Therefore, the adaptation to ex vitro environments represents a critical bottleneck, significantly restricting the large-scale production of micropropagated plants.

The use of climate chambers has demonstrated a positive effect on the adaptation of microplants during the critical stages of propagation. These chambers provide controlled environments with adjustable temperature, humidity, and lighting, utilizing sodium lamps and energy-efficient LED lighting systems [29,30]. LEDs offer significant advantages over traditional lighting technologies, reducing the energy consumption and optimizing the light spectra to meet plant developmental needs. This is especially critical during early production stages, when the plants are small and have minimal spatial requirements [31,32].

The efficiency of LED lighting lies in its ability to manipulate the spectral composition of light, which plays a pivotal role in regulating in vitro plant growth and development. Optimally selected combinations of light spectra, including red, green, blue, violet, and white light, affect physiological processes, such as photosynthesis, and morphological features, including shoot elongation, axillary shoot formation, somatic embryo induction, rhizogenesis, and leaf anatomy [33,34]. LED lighting (red, blue, infrared, and ultraviolet) had a positive impact on root system development, shoot length, number of leaves, and chlorophyll content in cultivars of plum and raspberry microplants during the ex vitro adaptation stage [35,36].

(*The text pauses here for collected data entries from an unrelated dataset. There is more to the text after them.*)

definition bridgeless :: "graph \<Rightarrow> bool" where
  "bridgeless G \<longleftrightarrow> (\<forall>u v. {u, v} \<in> edges G \<longrightarrow> (u, v) \<in> (adj (delete_edge G {u, v}))\<^sup>*)"

definition perfect_matching :: "graph \<Rightarrow> nat set set \<Rightarrow> bool" where
  "perfect_matching G M \<longleftrightarrow> M \<subseteq> edges G \<and> (\<forall>v\<in>verts G. \<exists>!e. e \<in> M \<and> v \<in> e)"

definition m3 :: "graph \<Rightarrow> real" where
  "m3 G = real (Max {card (M1 \<union> M2 \<union> M3) | M1 M2 M3.
             perfect_matching G M1 \<and> perfect_matching G M2 \<and> perfect_matching G M3})
          / real (card (edges G))"

definition graph_iso :: "graph \<Rightarrow> graph \<Rightarrow> bool" where
  "graph_iso G H \<longleftrightarrow> (\<exists>f. bij_betw f (verts G) (verts H) \<and>
     (\<forall>u\<in>verts G. \<forall>v\<in>verts G. {u, v} \<in> edges G \<longleftrightarrow> {f u, f v} \<in> edges H))"

end

theory Submission
  imports Defs
begin

text \<open>The graphs are rings of N gadgets, each the Petersen graph or the pentagonal prism with one
  spoke removed, consecutive gadgets being joined by an edge between the two vertices of degree 2.
  A perfect matching meets a Petersen gadget together with its outgoing connector in one of the six
  perfect matchings of the Petersen graph, and any three of these cover at most 12 of those 15 edges;
  conversely, three explicit perfect matchings of the ring cover 12 edges of every Petersen gadget
  and all 15 edges of every prism gadget. With a Petersen gadgets among N this gives
  m3 = (15 N - 3 a) / (15 N) = 1 - a / (5 N), which equals p / q for N = t q and a = 5 t (q - p),
  t = 1, 2, ...; the rings have different orders, hence are pairwise non-isomorphic. Deleting a
  vertex keeps every gadget attached to the rest of the ring, which gives 2-connectivity.\<close>

lemma adj_iff_edge: "(u, v) \<in> adj G \<longleftrightarrow> {u, v} \<in> edges G"
  by (simp add: adj_def)

lemma adj_sym: "(u, v) \<in> adj G \<Longrightarrow> (v, u) \<in> adj G"
  by (simp add: adj_def insert_commute)

lemma rtrancl_adj_sym: "(u, v) \<in> (adj G)\<^sup>* \<Longrightarrow> (v, u) \<in> (adj G)\<^sup>*"
proof -
  have "sym (adj G)" by (auto simp: sym_def intro: adj_sym)
  then have "sym ((adj G)\<^sup>*)" by (rule sym_rtrancl)
  then show "(u, v) \<in> (adj G)\<^sup>* \<Longrightarrow> (v, u) \<in> (adj G)\<^sup>*" by (auto simp: sym_def)
qed

lemma verts_delete_vertex [simp]: "verts (delete_vertex G x) = verts G - {x}"
  by (simp add: delete_vertex_def verts_def)

lemma edges_delete_vertex [simp]: "edges (delete_vertex G x) = {e \<in> edges G. x \<notin> e}"
  by (simp add: delete_vertex_def edges_def)

lemma edges_delete_edge [simp]: "edges (delete_edge G f) = edges G - {f}"
  by (simp add: delete_edge_def edges_def)

lemma cubic_other_neighbour:
  assumes wf: "wf_graph G" and cu: "cubic G" and v: "v \<in> verts G"
  obtains y where "{v, y} \<in> edges G" "y \<noteq> v" "y \<noteq> u" "y \<in> verts G"
proof -
  let ?I = "{e \<in> edges G. v \<in> e}"
  have "card ?I = 3" using cu v by (simp add: cubic_def degree_def)
  then have "\<not> ?I \<subseteq> {{v, u}}" using card_mono[of "{{v, u}}" ?I] by auto
  then obtain E where E: "E \<in> edges G" "v \<in> E" "E \<noteq> {v, u}" by blast
  have "E \<subseteq> verts G" "card E = 2" using wf E(1) by (auto simp: wf_graph_def)
  then obtain z where "E = {v, z}" "z \<noteq> v" "z \<in> verts G"
    using E(2) by (auto simp: card_2_iff doubleton_eq_iff)
  then show thesis using that E by blast
qed

lemma connected_if_connected_delete_vertex:
  assumes conn: "connected_graph (delete_vertex G x)" and "{x, y} \<in> edges G" "y \<noteq> x" "y \<in> verts G"
  shows "connected_graph G"
proof -
  have "(adj (delete_vertex G x))\<^sup>* \<subseteq> (adj G)\<^sup>*" by (rule rtrancl_mono) (auto simp: adj_iff_edge)
  moreover have "(u, y) \<in> (adj (delete_vertex G x))\<^sup>*" if "u \<in> verts G" "u \<noteq> x" for u
    using conn that assms(3,4) by (auto simp: connected_graph_def)
  moreover have "(x, y) \<in> adj G" using assms(2) by (simp add: adj_iff_edge)
  ultimately have to_y: "(u, y) \<in> (adj G)\<^sup>*" if "u \<in> verts G" for u
    using that by (cases "u = x") auto
  show ?thesis
    unfolding connected_graph_def using to_y rtrancl_adj_sym assms(4) by (blast intro: rtrancl_trans)
qed

lemma bridgeless_if_connected_delete_vertex:
  assumes wf: "wf_graph G" and cu: "cubic G"
    and conn: "\<forall>v\<in>verts G. connected_graph (delete_vertex G v)"
  shows "bridgeless G"
  unfolding bridgeless_def
proof (intro allI impI)
  fix u v assume uv: "{u, v} \<in> edges G"
  then have "{u, v} \<subseteq> verts G" "card {u, v} = 2" using wf by (auto simp: wf_graph_def)
  then have u: "u \<in> verts G" and v: "v \<in> verts G" "u \<noteq> v" by (auto simp: card_insert_if split: if_splits)
  obtain y where y: "{u, y} \<in> edges G" "y \<noteq> u" "y \<noteq> v" "y \<in> verts G"
    using cubic_other_neighbour[OF wf cu u] by blast
  have "(y, v) \<in> (adj (delete_vertex G u))\<^sup>*" using conn u v y by (auto simp: connected_graph_def)
  moreover have "adj (delete_vertex G u) \<subseteq> adj (delete_edge G {u, v})" by (auto simp: adj_iff_edge)
  ultimately have "(y, v) \<in> (adj (delete_edge G {u, v}))\<^sup>*" using rtrancl_mono by blast
  moreover have "(u, y) \<in> adj (delete_edge G {u, v})" using y by (auto simp: adj_iff_edge doubleton_eq_iff)
  ultimately show "(u, v) \<in> (adj (delete_edge G {u, v}))\<^sup>*" by (rule converse_rtrancl_into_rtrancl[rotated])
qed

lemma two_connected_if_connected_delete_vertex:
  assumes wf: "wf_graph G" and cu: "cubic G" and three: "card (verts G) \<ge> 3"
    and conn: "\<forall>v\<in>verts G. connected_graph (delete_vertex G v)"
  shows "two_connected G"
proof -
  obtain v where v: "v \<in> verts G" using three by fastforce
  obtain y where "{v, y} \<in> edges G" "y \<noteq> v" "y \<in> verts G"
    using cubic_other_neighbour[OF wf cu v] by blast
  then have "connected_graph G" using connected_if_connected_delete_vertex conn v by blast
  then show ?thesis using three conn by (simp add: two_connected_def)
qed

lemma m3_eqI:
  assumes "finite (edges G)"
    and "\<And>M1 M2 M3. perfect_matching G M1 \<Longrightarrow> perfect_matching G M2 \<Longrightarrow> perfect_matching G M3 \<Longrightarrow>
           card (M1 \<union> M2 \<union> M3) \<le> c"
    and "perfect_matching G M1" "perfect_matching G M2" "perfect_matching G M3"
    and "card (M1 \<union> M2 \<union> M3) = c"
  shows "m3 G = real c / real (card (edges G))"
proof -
  let ?A = "{card (M1 \<union> M2 \<union> M3) | M1 M2 M3.
    perfect_matching G M1 \<and> perfect_matching G M2 \<and> perfect_matching G M3}"
  have "?A \<subseteq> {..c}" using assms(2) by auto
  then have "Max ?A = c" using assms(3-6) by (intro Max_eqI) (auto intro: finite_subset)
  then show ?thesis by (simp add: m3_def)
qed

lemma card_verts_eq_if_graph_iso: "graph_iso G H \<Longrightarrow> card (verts G) = card (verts H)"
  unfolding graph_iso_def using bij_betw_same_card by blast

lemma all_less_numeral: "(\<forall>i < numeral n. P i) \<longleftrightarrow> P (pred_numeral n) \<and> (\<forall>i < pred_numeral n. P (i::nat))"
  by (simp add: numeral_eq_Suc All_less_Suc conj_commute)

lemma ex_less_numeral: "(\<exists>i < numeral n. P i) \<longleftrightarrow> P (pred_numeral n) \<or> (\<exists>i < pred_numeral n. P (i::nat))"
  by (simp add: numeral_eq_Suc Ex_less_Suc disj_commute)

fun exactly_one :: "bool list \<Rightarrow> bool" where
  "exactly_one [] = False"
| "exactly_one (b # bs) = (b \<and> (\<forall>c\<in>set bs. \<not> c) \<or> \<not> b \<and> exactly_one bs)"

lemma ex1_in_set_iff_exactly_one:
  "distinct xs \<Longrightarrow> (\<exists>!x. x \<in> set xs \<and> P x) \<longleftrightarrow> exactly_one (map P xs)"
  by (induction xs) auto

section \<open>The gadgets\<close>

text \<open>Vertices 0..9: an outer 5-cycle 0..4, spokes from i to i+5 for i = 1..4, and on 5..9 a
  pentagram (the Petersen graph minus the spoke 0-5, for True) or a pentagon (the pentagonal prism
  minus that spoke, for False). Local edges 0..13 are the entries of gadget_edges; local edge 14 is
  the connector leaving the gadget at vertex 5, and the connector of the previous gadget enters at
  vertex 0.\<close>

definition gadget_edges :: "bool \<Rightarrow> (nat \<times> nat) list" where
  "gadget_edges T = [(0,1),(1,2),(2,3),(3,4),(0,4),(1,6),(2,7),(3,8),(4,9)] @
     (if T then [(5,7),(7,9),(6,9),(6,8),(5,8)] else [(5,6),(6,7),(7,8),(8,9),(5,9)])"

definition gadget_edge :: "bool \<Rightarrow> nat \<Rightarrow> nat set" where
  "gadget_edge T e = (if e < 14 then {fst (gadget_edges T ! e), snd (gadget_edges T ! e)} else {5})"

definition gadget_incidence :: "bool \<Rightarrow> nat \<Rightarrow> nat list" where
  "gadget_incidence T j = (if j = 0 then [0,4] else if j = 1 then [0,1,5] else if j = 2 then [1,2,6]
     else if j = 3 then [2,3,7] else if j = 4 then [3,4,8] else if j = 5 then [9,13,14]
     else if T then
       (if j = 6 then [5,11,12] else if j = 7 then [6,9,10] else if j = 8 then [7,12,13] else [8,10,11])
     else (if j = 6 then [5,9,10] else if j = 7 then [6,10,11] else if j = 8 then [7,11,12] else [8,12,13]))"

text \<open>Here x e says whether local edge e is chosen and y whether the incoming connector is.\<close>

definition gadget_matching :: "bool \<Rightarrow> (nat \<Rightarrow> bool) \<Rightarrow> bool \<Rightarrow> bool" where
  "gadget_matching T x y \<longleftrightarrow>
     (\<forall>j<10. exactly_one (map x (gadget_incidence T j) @ (if j = 0 then [y] else [])))"

lemma length_gadget_edges: "length (gadget_edges T) = 14"
  and distinct_gadget_edges: "distinct (gadget_edges T)"
  by (simp_all add: gadget_edges_def)

lemma gadget_edges_ordered:
  "e < 14 \<Longrightarrow> fst (gadget_edges T ! e) < snd (gadget_edges T ! e) \<and> snd (gadget_edges T ! e) < 10"
  by (cases T) (auto simp: gadget_edges_def all_less_numeral less_Suc_eq numeral_eq_Suc)

lemma gadget_incidence_less: "e \<in> set (gadget_incidence T j) \<Longrightarrow> e < 15"
  by (auto simp: gadget_incidence_def split: if_splits)

lemma gadget_incidence_correct: "\<forall>e<15. \<forall>j<10. e \<in> set (gadget_incidence T j) \<longleftrightarrow> j \<in> gadget_edge T e"
  by (cases T) (simp_all add: all_less_numeral gadget_incidence_def gadget_edge_def gadget_edges_def)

One of the factors when optimizing the stages of growth of virus-free, red currant, in vitro planting material is the light effect, which has not been sufficiently studied. During microclonal reproduction, the need to identify the selective response of red currant micro-shoots to irradiation with light of various spectral compositions for optimal growth, and the development of micro plants emphasizes the importance of these studies [29,37]. An effective spectral composition of light and the selection of an optimal nutrient medium, taking into account the timing of introduction into culture and the sterilizers for red currant cultivars, will increase the reproduction rate and shorten the stages of microclonal propagation of plants. In addition, the optimization of biotechnological methods for this crop will solve the problem of obtaining high-quality planting material at optimal prices [27].

This study aims to (i) optimize microclonal propagation protocols for red currants, with consideration of varietal characteristics; (ii) evaluate the effects of the in vitro reproduction duration, the nutrient medium selection, and the sterilizing agents during in vitro stage; and (iii) investigate the influence of LED light on the morphometric and physiological parameters during the transition to ex vitro conditions. The results of this study can be used in plant nursery practice and breeding, as well as in solving the problems of identifying the mechanisms of adaptation of berry crop microplants.

2. Materials and Methods

2.1. Plant Material

The study was performed in two subsequent years (2023–2024) at the Russian Research Institute of Fruit Crop Breeding (VNIISPK) and the Federal Scientific Agroengineering Center VIM (FSAC VIM). The red currant plant material was provided from the VNIISPK bioresource collection, located in the central region of Russia. For the experiment four red currant cultivars, of both Russian and foreign origin, were used. The origin of the cultivars used in the experiment are shown in

Table 1. Genetic and species origin of red currant cultivars.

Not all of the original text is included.